Among the lines below, copy each one in which "TYPE" appears.
─── Data under study
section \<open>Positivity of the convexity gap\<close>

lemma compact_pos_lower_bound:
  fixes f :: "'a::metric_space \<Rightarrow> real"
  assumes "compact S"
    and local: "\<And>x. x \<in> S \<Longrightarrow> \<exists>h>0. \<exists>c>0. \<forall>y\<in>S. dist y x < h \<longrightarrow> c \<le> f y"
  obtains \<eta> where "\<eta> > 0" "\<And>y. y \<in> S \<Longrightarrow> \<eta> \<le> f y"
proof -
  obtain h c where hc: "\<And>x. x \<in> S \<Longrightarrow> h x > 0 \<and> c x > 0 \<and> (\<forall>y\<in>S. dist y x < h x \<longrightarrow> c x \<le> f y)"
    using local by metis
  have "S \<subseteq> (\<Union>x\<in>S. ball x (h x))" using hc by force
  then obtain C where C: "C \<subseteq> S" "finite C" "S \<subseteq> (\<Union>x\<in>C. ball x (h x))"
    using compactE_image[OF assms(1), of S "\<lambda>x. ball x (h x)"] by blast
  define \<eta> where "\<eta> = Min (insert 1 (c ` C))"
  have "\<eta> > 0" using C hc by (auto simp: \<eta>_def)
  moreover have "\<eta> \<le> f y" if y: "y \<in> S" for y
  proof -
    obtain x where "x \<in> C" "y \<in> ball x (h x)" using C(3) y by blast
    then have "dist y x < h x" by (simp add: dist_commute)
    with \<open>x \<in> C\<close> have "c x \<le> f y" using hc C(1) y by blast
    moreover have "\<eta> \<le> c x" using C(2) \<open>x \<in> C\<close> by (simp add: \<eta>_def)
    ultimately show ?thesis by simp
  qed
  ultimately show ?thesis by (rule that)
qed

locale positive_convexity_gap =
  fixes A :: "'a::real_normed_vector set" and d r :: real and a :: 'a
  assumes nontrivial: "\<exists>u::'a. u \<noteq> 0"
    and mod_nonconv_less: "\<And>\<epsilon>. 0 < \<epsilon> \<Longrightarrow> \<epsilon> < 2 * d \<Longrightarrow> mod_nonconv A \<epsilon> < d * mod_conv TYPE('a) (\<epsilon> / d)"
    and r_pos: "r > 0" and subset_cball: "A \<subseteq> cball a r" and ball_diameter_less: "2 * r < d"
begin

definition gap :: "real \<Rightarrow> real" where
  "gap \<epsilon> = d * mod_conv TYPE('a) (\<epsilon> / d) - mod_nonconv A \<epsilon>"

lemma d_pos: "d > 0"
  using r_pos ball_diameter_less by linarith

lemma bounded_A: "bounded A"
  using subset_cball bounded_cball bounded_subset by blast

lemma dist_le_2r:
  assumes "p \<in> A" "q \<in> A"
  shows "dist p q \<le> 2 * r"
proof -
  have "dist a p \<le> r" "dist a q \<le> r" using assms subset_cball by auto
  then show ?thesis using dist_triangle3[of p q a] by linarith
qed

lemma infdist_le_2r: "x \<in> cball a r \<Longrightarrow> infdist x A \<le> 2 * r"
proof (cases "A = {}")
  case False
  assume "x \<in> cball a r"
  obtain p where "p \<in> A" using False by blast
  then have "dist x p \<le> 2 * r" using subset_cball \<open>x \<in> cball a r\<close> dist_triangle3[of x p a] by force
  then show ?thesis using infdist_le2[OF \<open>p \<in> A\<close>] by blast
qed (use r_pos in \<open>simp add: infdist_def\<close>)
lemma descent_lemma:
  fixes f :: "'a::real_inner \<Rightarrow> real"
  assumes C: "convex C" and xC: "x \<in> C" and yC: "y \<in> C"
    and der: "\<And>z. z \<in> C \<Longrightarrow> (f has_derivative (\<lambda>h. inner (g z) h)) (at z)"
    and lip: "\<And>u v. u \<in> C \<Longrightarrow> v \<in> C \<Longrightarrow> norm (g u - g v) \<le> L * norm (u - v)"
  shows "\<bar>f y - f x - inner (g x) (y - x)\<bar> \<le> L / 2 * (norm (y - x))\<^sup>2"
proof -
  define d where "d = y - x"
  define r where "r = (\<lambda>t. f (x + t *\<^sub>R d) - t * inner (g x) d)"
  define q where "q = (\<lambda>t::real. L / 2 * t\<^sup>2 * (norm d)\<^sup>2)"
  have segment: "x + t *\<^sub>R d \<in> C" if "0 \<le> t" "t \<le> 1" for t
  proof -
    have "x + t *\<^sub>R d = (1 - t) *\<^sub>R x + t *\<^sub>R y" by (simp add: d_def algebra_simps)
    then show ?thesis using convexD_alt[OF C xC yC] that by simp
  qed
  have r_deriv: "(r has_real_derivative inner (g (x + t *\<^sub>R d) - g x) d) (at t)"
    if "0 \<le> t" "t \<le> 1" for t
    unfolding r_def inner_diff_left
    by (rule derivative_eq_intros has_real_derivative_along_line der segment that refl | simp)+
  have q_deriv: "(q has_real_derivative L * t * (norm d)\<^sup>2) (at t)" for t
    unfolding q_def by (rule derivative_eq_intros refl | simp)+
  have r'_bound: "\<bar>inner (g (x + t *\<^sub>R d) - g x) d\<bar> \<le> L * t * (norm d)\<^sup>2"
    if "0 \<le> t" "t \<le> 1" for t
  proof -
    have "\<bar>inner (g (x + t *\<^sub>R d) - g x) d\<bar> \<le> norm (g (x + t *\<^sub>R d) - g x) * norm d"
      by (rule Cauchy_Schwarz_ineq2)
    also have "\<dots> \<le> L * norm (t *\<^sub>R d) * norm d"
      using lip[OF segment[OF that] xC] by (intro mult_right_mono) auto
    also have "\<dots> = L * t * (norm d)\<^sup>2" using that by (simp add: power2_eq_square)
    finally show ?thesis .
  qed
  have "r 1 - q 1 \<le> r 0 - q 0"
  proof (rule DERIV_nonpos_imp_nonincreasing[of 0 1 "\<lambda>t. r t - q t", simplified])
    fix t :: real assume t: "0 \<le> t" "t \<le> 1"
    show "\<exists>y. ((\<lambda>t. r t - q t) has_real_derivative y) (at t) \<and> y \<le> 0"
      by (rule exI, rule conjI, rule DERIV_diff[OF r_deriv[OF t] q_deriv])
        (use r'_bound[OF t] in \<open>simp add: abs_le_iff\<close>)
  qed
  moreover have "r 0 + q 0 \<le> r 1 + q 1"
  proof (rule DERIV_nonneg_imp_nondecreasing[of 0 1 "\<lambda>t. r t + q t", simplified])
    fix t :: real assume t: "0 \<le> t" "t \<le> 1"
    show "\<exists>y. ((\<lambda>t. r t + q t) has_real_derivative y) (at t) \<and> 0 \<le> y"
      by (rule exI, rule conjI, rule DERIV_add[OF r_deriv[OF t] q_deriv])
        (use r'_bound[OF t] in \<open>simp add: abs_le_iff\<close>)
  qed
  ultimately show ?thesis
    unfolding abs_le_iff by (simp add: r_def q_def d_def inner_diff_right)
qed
──────
> _Written reply_
    and mod_nonconv_less: "\<And>\<epsilon>. 0 < \<epsilon> \<Longrightarrow> \<epsilon> < 2 * d \<Longrightarrow> mod_nonconv A \<epsilon> < d * mod_conv TYPE('a) (\<epsilon> / d)"
  "gap \<epsilon> = d * mod_conv TYPE('a) (\<epsilon> / d) - mod_nonconv A \<epsilon>"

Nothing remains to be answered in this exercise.